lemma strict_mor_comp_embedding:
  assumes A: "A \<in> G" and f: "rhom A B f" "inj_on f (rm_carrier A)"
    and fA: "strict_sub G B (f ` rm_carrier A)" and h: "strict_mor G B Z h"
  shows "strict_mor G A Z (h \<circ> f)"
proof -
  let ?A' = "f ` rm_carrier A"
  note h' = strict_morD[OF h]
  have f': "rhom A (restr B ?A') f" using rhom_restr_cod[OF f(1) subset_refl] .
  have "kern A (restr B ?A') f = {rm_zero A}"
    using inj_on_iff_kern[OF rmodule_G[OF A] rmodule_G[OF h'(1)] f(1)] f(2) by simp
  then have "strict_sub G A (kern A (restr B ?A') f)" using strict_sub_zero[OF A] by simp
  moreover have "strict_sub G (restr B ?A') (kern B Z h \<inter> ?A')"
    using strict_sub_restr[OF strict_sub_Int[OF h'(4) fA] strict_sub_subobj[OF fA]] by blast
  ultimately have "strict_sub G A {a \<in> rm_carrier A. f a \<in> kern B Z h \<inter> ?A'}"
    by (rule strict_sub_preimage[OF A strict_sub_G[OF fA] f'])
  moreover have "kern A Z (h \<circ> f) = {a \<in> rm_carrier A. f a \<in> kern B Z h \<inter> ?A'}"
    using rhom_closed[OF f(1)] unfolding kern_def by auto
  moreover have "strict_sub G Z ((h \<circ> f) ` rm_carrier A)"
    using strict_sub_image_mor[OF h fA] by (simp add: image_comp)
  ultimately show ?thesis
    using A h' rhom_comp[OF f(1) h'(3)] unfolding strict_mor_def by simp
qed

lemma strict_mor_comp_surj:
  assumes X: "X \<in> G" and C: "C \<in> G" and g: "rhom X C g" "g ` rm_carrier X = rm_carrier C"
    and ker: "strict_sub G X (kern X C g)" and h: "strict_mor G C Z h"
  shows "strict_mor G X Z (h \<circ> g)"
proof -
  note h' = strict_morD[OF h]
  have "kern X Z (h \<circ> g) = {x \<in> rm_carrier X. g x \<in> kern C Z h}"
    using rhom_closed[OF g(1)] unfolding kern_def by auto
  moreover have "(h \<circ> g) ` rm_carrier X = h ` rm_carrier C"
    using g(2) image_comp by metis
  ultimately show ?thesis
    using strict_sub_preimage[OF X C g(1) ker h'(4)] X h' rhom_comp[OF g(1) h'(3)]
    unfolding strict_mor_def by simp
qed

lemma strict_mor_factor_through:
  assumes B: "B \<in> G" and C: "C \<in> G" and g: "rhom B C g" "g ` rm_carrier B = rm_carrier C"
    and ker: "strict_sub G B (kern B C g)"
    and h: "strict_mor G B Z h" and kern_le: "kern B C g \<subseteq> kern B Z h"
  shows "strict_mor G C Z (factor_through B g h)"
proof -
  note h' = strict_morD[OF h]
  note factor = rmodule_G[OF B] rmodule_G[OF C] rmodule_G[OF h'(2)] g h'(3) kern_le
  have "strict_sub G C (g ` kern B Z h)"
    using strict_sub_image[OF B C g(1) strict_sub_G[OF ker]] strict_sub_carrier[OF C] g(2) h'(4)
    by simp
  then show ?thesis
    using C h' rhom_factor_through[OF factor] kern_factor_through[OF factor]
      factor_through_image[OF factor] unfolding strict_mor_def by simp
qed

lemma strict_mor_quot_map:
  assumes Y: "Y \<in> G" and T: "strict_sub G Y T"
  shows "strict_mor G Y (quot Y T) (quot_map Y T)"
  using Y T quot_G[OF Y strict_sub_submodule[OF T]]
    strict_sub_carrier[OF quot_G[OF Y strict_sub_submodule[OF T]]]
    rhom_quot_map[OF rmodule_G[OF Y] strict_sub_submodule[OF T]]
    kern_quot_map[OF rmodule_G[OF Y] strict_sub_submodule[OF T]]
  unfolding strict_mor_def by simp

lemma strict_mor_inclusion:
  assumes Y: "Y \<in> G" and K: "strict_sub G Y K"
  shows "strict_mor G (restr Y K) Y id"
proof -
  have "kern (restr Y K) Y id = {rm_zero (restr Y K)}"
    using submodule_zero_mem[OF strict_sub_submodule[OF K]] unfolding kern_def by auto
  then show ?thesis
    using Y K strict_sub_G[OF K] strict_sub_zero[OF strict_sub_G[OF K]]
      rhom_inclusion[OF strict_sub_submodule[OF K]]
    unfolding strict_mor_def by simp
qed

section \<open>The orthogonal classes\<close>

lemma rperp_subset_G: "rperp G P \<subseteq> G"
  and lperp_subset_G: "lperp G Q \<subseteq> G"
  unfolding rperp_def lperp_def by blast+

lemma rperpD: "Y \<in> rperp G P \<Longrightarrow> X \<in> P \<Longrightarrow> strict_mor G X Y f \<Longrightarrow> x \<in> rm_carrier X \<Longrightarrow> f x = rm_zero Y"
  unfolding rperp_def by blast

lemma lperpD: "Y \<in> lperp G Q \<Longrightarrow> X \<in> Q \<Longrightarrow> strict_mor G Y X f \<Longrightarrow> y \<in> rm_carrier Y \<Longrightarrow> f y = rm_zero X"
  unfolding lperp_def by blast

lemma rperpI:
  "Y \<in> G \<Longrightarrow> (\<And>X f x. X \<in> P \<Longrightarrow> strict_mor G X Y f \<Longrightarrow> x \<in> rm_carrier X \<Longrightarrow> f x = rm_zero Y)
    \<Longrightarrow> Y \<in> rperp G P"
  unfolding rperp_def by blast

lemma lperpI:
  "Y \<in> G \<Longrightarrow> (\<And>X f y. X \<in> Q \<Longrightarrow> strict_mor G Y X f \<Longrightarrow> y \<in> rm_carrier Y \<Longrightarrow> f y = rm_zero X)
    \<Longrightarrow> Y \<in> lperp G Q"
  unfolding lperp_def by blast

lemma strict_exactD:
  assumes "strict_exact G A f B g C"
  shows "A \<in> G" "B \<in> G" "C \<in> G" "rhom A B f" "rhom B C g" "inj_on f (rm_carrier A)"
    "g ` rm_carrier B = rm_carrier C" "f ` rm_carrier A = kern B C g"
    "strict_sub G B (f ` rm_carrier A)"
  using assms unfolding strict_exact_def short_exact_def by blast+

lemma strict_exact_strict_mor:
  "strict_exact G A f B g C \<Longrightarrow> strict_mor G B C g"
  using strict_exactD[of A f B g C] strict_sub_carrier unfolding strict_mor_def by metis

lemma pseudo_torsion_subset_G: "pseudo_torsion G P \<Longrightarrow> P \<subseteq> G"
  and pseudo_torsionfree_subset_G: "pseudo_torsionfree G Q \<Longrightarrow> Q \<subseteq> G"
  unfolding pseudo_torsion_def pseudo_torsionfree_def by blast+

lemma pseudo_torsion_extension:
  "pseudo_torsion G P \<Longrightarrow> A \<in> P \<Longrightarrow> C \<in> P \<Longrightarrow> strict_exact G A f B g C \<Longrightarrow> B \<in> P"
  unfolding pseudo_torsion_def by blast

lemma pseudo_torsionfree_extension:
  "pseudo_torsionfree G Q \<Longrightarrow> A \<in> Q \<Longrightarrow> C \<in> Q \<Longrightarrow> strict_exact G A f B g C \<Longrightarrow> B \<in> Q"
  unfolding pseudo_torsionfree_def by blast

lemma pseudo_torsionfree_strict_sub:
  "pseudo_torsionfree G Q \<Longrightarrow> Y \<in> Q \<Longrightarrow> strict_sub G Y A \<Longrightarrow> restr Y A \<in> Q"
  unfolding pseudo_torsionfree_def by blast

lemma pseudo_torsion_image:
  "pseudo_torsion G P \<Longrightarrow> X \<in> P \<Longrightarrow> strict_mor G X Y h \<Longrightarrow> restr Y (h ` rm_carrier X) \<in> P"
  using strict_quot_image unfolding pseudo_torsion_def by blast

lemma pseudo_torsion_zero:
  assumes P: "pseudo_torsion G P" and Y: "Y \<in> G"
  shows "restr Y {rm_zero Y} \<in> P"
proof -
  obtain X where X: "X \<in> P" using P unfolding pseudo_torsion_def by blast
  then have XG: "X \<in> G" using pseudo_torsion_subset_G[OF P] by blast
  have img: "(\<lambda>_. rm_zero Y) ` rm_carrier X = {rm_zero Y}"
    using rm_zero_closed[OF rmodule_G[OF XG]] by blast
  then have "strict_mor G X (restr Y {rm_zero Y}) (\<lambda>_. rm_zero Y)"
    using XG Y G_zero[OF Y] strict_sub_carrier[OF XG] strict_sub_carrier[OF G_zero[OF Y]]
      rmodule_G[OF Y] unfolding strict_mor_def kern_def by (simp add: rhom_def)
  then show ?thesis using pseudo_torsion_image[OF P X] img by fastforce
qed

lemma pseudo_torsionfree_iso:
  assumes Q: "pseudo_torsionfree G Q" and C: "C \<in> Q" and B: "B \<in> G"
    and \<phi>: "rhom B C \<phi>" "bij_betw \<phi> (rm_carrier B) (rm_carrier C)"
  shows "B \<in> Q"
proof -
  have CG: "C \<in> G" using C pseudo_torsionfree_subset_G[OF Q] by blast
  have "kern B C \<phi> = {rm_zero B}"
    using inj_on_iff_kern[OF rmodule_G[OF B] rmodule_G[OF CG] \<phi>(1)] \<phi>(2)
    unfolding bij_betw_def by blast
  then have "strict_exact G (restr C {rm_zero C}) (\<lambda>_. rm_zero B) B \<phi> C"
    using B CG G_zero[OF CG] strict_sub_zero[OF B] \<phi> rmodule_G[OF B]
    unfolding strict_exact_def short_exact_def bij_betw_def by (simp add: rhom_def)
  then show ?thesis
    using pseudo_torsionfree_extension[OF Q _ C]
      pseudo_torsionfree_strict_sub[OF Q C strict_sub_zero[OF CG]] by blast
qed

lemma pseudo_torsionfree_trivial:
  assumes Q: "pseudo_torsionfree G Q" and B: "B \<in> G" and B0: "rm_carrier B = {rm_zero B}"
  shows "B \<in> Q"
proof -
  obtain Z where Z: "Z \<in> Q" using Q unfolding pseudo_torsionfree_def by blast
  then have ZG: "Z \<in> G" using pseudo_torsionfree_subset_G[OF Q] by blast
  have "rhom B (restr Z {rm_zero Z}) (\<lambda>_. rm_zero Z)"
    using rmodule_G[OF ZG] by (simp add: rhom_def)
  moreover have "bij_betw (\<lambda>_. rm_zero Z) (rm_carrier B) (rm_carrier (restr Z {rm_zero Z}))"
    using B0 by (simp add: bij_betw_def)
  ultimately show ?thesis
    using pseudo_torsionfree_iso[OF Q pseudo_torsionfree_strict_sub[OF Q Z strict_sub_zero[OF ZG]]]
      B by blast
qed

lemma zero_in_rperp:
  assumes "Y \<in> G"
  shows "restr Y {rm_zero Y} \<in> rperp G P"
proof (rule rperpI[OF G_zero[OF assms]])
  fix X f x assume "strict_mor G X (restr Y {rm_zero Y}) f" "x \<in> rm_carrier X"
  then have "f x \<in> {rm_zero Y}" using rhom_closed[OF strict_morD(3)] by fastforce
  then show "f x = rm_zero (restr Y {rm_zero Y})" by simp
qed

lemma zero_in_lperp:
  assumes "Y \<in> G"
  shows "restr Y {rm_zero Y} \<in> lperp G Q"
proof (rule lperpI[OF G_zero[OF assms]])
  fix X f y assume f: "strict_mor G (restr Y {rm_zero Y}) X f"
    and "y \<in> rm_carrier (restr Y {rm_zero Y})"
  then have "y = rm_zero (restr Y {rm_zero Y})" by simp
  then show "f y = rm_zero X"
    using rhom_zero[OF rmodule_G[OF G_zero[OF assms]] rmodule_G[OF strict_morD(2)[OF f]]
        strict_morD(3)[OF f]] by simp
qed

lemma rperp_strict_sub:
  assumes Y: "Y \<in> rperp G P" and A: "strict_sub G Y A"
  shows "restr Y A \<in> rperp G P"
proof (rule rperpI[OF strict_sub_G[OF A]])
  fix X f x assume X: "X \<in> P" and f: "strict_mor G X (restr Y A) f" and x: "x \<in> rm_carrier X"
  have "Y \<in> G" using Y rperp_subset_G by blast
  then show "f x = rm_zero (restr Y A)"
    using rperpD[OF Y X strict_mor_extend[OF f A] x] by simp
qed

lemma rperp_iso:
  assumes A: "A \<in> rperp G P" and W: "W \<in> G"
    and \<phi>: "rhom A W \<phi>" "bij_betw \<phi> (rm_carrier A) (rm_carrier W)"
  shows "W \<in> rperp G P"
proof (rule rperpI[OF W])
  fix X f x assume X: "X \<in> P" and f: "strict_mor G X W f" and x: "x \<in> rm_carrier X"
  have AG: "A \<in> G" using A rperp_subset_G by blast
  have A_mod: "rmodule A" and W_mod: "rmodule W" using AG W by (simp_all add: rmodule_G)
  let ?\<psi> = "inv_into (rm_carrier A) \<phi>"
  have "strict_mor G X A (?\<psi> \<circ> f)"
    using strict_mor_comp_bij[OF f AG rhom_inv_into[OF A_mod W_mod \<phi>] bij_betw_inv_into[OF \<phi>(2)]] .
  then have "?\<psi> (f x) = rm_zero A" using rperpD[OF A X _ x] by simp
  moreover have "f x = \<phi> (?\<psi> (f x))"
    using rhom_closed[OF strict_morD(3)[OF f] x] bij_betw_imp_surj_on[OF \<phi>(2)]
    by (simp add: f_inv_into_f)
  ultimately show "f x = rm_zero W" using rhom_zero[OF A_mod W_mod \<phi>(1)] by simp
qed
_ _ _
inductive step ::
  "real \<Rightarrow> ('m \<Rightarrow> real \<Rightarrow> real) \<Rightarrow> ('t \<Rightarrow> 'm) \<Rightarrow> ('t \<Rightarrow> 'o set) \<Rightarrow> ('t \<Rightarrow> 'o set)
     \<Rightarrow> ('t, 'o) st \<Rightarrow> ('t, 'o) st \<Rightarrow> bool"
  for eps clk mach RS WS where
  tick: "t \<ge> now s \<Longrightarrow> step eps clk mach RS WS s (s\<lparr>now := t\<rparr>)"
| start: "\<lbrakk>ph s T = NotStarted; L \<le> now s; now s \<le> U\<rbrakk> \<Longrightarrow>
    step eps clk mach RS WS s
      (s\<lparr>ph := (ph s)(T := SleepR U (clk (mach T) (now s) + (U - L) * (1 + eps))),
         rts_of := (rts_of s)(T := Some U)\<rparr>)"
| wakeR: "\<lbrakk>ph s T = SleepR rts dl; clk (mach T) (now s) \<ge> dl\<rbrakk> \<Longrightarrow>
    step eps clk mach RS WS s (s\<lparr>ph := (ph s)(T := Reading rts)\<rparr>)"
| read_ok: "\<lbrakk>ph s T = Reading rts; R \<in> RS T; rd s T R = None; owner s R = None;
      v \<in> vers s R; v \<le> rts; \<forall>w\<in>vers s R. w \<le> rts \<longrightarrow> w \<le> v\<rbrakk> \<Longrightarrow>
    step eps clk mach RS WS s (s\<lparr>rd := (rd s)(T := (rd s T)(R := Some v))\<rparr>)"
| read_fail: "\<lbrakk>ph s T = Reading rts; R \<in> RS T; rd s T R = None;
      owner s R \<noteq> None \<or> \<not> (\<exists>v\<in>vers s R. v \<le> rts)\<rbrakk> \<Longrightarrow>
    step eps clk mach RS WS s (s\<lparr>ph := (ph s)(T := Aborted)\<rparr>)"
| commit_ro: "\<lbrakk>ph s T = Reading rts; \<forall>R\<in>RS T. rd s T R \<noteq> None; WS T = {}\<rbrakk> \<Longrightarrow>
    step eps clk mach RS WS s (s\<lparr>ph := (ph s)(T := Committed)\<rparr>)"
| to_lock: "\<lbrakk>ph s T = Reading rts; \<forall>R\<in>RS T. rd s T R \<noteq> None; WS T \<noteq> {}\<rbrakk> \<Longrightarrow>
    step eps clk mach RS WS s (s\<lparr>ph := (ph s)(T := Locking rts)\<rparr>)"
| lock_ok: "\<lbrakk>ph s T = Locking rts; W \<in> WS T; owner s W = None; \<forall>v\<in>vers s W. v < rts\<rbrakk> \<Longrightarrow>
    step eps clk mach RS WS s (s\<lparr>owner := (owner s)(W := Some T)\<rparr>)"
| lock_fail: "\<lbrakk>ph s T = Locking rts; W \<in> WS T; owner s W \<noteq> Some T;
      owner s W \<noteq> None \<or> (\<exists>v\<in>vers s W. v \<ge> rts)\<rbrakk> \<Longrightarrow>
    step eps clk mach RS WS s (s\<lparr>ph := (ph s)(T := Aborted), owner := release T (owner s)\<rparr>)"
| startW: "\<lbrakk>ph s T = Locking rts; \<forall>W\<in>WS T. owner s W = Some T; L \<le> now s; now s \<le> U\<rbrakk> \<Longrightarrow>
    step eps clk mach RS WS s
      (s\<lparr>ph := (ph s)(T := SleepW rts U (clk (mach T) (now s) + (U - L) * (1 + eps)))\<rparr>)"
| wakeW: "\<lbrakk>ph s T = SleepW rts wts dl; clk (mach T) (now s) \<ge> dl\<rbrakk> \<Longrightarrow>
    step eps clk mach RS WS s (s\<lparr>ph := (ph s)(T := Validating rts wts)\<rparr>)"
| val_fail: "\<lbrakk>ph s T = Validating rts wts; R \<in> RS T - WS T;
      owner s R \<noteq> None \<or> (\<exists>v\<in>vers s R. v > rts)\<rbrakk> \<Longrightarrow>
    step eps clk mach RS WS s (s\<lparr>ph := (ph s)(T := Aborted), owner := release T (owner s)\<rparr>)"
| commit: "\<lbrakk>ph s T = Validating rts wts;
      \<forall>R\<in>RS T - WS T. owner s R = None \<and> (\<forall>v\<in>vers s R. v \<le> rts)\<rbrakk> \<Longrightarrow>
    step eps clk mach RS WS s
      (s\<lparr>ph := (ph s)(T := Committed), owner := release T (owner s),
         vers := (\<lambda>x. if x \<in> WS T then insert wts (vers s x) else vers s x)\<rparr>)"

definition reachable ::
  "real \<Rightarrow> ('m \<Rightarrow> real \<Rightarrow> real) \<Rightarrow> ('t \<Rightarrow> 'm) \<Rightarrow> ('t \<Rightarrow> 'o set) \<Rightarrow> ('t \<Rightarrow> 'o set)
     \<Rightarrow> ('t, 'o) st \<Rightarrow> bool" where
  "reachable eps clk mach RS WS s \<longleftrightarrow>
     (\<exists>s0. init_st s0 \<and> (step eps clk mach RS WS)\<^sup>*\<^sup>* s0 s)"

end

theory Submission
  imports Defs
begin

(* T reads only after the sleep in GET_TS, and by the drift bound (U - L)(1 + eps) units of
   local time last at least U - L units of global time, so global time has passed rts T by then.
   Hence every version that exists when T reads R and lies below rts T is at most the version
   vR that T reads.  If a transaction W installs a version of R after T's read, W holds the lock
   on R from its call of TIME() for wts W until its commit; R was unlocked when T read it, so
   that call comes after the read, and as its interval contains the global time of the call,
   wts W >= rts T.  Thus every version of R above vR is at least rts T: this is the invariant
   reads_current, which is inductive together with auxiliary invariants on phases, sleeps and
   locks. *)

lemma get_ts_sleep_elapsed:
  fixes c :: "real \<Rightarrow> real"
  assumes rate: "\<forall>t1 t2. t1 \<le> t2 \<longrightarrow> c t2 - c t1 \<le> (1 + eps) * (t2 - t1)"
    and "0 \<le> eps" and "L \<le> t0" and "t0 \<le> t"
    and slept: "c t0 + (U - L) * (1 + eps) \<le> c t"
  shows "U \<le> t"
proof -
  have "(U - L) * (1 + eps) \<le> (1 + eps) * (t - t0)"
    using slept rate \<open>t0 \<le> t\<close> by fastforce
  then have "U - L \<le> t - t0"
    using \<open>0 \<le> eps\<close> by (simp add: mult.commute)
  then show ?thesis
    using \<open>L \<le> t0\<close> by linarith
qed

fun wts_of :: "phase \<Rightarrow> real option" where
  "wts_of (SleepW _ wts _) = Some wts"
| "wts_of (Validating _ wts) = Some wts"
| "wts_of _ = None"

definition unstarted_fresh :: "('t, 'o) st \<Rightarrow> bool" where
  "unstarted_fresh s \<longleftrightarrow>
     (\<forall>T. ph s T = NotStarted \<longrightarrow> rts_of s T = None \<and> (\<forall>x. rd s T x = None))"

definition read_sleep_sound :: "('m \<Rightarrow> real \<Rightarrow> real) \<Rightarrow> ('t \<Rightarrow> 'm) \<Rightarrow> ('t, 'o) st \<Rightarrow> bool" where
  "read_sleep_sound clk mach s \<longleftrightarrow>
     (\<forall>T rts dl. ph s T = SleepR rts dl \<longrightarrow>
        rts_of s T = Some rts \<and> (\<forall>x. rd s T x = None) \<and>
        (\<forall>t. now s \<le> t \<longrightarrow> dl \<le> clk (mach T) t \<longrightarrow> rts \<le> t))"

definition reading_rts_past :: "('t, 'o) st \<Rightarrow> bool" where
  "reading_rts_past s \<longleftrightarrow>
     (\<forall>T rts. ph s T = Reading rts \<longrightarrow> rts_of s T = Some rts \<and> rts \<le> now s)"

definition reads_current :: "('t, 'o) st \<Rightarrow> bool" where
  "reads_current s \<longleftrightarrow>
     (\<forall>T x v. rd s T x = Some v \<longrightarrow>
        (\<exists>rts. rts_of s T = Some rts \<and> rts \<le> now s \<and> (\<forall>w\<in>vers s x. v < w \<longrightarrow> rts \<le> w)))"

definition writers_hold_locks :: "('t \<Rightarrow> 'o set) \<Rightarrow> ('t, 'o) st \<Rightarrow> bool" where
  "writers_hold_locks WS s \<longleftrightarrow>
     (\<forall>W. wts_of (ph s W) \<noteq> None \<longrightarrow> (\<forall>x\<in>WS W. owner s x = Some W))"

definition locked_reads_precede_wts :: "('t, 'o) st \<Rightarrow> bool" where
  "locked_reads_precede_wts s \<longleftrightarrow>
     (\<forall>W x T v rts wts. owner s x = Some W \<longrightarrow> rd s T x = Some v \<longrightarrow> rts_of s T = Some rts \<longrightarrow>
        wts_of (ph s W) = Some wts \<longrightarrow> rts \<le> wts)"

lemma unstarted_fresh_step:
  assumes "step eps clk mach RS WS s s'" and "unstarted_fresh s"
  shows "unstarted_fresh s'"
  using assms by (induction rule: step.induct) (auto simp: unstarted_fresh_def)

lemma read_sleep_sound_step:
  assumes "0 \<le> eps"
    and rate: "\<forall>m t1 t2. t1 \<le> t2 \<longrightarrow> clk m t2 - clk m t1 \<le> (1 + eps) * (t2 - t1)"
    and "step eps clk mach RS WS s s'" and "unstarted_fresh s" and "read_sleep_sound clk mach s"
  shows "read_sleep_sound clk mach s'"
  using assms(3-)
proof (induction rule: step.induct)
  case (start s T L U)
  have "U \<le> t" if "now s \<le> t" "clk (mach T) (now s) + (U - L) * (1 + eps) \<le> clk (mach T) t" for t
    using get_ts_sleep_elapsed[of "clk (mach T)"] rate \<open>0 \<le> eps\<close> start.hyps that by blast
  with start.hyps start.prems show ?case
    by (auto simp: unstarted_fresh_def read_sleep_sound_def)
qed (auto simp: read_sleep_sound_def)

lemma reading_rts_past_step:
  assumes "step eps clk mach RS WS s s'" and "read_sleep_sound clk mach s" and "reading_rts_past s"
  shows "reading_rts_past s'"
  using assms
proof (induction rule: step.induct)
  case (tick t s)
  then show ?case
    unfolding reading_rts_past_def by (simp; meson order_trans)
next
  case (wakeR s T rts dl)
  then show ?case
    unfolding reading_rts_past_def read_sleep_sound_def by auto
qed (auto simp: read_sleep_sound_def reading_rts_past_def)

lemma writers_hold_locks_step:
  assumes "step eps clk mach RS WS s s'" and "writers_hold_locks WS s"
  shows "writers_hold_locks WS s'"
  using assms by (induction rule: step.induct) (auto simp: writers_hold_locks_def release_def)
_ _ _
Look above for the line with "with start.hyps start.prems show ?case" and the line with "simp: writers_hold_locks_def release_def)", and reproduce exactly those two lines plus every line between, nothing more.

Result below:
  with start.hyps start.prems show ?case
    by (auto simp: unstarted_fresh_def read_sleep_sound_def)
qed (auto simp: read_sleep_sound_def)

lemma reading_rts_past_step:
  assumes "step eps clk mach RS WS s s'" and "read_sleep_sound clk mach s" and "reading_rts_past s"
  shows "reading_rts_past s'"
  using assms
proof (induction rule: step.induct)
  case (tick t s)
  then show ?case
    unfolding reading_rts_past_def by (simp; meson order_trans)
next
  case (wakeR s T rts dl)
  then show ?case
    unfolding reading_rts_past_def read_sleep_sound_def by auto
qed (auto simp: read_sleep_sound_def reading_rts_past_def)

lemma writers_hold_locks_step:
  assumes "step eps clk mach RS WS s s'" and "writers_hold_locks WS s"
  shows "writers_hold_locks WS s'"
  using assms by (induction rule: step.induct) (auto simp: writers_hold_locks_def release_def)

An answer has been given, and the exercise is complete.